▶
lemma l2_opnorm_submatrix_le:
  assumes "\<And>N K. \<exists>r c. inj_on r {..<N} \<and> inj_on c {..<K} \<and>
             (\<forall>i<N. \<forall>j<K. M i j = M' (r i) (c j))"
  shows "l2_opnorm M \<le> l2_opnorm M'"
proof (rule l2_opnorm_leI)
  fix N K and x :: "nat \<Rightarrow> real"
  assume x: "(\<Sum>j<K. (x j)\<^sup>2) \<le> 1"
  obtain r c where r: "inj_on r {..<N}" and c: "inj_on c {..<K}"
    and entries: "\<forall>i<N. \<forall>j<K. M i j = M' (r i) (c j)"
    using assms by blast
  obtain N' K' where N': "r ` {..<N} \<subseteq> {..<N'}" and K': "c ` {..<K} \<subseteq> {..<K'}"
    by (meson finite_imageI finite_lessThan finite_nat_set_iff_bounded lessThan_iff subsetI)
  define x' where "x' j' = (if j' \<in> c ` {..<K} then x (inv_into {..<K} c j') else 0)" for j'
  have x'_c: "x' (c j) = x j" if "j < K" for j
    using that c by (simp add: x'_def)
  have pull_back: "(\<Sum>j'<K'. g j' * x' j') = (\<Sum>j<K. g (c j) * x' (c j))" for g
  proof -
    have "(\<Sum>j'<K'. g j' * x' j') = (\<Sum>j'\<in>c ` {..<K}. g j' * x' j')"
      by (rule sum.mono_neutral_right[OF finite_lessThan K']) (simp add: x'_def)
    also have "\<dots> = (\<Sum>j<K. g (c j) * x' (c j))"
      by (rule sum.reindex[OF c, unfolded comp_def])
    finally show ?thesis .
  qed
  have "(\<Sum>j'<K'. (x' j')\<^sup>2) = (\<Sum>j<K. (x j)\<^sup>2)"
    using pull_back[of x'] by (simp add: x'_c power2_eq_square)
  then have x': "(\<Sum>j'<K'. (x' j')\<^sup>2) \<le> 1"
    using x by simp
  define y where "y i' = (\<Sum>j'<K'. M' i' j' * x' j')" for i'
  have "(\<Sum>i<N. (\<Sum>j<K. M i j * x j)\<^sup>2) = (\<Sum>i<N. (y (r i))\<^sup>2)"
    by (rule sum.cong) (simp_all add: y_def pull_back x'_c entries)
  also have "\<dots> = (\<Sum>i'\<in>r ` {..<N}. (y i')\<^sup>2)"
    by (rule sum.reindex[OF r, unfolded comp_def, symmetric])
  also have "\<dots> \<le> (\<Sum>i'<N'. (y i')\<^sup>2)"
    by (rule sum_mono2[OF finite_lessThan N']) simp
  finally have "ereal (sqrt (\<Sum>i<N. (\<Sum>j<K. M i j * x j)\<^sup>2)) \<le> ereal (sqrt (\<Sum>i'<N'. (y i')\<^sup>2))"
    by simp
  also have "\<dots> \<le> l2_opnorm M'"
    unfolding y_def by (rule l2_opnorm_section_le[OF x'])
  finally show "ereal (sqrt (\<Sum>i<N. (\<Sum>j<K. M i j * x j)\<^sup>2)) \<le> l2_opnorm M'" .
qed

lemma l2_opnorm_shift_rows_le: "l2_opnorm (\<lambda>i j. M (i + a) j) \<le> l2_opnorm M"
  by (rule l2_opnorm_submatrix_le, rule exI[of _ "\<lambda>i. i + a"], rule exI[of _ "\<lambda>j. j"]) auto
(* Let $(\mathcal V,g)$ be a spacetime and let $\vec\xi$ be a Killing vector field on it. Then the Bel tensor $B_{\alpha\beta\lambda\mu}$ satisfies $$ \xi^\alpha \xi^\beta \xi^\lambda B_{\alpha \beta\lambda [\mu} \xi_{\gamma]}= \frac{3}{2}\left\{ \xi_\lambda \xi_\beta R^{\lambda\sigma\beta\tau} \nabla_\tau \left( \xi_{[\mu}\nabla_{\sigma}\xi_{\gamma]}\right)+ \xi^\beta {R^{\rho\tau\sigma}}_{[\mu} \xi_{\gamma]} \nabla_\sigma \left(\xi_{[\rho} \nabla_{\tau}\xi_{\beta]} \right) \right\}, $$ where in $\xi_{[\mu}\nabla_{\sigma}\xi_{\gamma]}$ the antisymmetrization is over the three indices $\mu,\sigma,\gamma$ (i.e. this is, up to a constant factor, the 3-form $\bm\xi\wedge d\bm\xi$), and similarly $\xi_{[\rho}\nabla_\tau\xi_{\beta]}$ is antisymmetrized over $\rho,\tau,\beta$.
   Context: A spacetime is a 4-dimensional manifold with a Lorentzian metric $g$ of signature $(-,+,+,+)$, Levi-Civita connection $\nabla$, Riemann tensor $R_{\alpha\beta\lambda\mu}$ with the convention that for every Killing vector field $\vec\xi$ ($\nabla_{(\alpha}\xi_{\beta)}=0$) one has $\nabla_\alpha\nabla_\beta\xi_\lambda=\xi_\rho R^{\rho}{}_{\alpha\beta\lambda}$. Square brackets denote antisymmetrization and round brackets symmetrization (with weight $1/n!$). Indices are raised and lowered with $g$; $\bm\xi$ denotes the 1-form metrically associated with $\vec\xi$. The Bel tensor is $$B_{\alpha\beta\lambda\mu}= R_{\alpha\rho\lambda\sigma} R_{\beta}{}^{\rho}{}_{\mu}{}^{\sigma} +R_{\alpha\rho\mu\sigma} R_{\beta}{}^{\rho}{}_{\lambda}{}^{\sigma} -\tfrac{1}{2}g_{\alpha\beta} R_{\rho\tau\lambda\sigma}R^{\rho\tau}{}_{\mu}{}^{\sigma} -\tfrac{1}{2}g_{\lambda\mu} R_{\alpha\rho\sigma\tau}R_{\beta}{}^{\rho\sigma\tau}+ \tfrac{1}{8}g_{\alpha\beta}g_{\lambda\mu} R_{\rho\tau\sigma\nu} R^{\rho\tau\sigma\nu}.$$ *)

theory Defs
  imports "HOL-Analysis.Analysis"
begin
◀
▶
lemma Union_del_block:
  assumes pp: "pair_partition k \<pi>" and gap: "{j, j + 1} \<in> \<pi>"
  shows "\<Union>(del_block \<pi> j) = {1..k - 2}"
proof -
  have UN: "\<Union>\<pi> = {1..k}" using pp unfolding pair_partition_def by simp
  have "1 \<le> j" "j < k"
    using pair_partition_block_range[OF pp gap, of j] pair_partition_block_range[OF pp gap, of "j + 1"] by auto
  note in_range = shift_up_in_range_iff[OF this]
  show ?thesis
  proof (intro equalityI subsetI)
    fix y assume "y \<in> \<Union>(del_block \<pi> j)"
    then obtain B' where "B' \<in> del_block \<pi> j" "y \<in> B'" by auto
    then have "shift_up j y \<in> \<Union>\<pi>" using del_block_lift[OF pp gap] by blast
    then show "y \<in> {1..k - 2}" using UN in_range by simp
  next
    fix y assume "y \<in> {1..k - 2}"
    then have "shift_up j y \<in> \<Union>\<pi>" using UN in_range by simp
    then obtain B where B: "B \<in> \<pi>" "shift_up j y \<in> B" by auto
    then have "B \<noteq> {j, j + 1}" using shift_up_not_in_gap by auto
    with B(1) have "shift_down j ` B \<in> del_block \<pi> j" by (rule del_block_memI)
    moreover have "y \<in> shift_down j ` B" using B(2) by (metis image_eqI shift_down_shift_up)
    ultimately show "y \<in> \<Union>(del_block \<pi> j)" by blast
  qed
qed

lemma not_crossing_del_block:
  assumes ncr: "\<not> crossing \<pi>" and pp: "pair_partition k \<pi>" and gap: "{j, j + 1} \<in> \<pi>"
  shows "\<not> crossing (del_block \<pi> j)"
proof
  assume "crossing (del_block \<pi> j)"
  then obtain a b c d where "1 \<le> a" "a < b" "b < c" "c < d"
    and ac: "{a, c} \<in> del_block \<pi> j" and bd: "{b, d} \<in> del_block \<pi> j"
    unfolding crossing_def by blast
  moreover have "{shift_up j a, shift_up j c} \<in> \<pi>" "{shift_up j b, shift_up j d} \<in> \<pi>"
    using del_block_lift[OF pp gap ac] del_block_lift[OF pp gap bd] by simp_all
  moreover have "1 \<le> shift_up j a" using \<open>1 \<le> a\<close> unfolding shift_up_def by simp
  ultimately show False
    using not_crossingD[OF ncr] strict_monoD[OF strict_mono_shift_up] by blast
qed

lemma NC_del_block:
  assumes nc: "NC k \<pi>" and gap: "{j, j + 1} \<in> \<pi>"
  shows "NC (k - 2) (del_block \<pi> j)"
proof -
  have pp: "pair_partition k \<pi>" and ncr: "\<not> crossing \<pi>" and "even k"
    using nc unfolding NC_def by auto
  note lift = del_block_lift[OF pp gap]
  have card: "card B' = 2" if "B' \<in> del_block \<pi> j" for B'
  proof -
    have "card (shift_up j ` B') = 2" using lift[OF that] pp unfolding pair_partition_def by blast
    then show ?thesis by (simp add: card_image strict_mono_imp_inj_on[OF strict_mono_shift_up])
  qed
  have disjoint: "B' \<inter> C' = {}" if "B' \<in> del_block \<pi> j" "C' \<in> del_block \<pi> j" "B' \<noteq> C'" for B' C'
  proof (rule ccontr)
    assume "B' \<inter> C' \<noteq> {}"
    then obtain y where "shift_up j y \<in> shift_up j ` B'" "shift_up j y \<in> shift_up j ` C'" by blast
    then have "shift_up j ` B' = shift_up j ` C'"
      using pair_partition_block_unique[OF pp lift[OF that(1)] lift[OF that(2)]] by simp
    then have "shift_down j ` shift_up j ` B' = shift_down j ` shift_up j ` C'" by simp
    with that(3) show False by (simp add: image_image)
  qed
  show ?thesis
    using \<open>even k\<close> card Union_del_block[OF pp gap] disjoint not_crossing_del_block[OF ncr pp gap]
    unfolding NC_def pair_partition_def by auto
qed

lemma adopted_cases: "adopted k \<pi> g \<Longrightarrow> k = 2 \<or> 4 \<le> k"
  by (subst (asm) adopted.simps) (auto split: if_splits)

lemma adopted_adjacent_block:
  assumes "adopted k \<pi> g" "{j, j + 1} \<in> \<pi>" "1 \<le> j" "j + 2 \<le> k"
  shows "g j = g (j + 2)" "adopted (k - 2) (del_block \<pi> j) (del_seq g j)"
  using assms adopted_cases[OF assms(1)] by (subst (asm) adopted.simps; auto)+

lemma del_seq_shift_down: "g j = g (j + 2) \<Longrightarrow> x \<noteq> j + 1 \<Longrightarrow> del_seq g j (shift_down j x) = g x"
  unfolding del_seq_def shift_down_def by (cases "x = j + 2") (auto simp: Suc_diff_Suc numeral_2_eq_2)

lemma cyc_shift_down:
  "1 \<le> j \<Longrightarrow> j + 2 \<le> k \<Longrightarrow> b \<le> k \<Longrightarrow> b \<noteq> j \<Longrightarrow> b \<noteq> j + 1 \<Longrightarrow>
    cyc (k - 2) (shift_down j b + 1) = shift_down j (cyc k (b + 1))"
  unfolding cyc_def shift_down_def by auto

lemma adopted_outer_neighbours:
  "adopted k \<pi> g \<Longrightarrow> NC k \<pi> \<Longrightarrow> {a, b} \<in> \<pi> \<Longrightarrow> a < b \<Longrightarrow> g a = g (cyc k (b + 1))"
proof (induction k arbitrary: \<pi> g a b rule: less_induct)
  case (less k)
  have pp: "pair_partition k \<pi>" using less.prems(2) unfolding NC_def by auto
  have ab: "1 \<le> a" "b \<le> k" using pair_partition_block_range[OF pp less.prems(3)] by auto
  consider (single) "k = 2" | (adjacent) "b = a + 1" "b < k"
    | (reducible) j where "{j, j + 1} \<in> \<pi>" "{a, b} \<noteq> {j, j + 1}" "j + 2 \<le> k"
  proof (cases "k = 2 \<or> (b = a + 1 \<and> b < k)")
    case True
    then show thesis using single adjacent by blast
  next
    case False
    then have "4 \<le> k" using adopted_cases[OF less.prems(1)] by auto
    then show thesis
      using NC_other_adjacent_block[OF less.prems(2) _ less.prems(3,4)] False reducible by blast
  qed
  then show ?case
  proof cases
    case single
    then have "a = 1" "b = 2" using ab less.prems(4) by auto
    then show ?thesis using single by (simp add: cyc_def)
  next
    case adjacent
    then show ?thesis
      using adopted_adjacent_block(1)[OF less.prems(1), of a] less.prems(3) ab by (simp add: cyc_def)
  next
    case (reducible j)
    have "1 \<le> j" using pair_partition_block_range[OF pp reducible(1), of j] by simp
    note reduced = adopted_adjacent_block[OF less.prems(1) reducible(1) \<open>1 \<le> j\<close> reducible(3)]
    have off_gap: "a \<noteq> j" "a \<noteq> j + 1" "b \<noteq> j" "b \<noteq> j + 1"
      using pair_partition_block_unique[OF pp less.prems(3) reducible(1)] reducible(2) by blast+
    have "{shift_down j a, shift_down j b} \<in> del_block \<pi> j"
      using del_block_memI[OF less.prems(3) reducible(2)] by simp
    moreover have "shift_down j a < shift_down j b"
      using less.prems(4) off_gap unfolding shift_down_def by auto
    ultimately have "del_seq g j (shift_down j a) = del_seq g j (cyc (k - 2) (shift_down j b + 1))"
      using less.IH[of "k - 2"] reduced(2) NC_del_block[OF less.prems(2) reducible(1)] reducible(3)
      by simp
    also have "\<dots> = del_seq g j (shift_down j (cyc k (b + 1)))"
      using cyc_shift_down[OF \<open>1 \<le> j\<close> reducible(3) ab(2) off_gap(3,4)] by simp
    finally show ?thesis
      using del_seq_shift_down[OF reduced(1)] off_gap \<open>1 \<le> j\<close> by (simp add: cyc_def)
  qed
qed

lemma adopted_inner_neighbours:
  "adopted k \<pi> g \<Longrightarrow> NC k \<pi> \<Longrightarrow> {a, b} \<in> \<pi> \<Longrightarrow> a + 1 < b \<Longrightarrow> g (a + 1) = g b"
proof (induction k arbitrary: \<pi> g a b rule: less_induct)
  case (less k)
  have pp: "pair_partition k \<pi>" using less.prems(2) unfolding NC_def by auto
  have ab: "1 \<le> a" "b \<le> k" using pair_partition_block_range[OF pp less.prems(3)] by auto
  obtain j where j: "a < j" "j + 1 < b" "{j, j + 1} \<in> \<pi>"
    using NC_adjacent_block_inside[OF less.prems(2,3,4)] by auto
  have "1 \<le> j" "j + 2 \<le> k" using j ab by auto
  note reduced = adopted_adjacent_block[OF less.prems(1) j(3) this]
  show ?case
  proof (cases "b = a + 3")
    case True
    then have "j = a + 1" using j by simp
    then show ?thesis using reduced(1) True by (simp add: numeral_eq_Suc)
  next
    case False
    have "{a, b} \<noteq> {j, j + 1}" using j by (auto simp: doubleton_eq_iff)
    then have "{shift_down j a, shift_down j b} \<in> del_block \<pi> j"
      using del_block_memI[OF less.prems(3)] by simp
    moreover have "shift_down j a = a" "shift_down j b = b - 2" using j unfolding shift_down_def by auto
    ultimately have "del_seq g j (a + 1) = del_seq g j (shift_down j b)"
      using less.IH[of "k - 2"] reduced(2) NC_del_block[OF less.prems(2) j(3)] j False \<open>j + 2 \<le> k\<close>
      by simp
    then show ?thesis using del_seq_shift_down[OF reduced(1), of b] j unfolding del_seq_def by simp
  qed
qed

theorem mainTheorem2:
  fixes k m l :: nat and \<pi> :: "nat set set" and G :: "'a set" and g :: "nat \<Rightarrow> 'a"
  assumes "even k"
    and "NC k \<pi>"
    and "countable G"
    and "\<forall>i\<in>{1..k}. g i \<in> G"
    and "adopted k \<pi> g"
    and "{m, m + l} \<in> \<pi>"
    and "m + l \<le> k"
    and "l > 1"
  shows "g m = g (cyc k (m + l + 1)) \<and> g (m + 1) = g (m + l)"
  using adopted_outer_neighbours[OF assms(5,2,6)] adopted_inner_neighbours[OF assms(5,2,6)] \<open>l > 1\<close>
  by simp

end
◀
*WORK REQUEST*: Whenever a line of the material above contains the string "define", copy that line out.

*REPLY*:
  define x' where "x' j' = (if j' \<in> c ` {..<K} then x (inv_into {..<K} c j') else 0)" for j'
  define y where "y i' = (\<Sum>j'<K'. M' i' j' * x' j')" for i'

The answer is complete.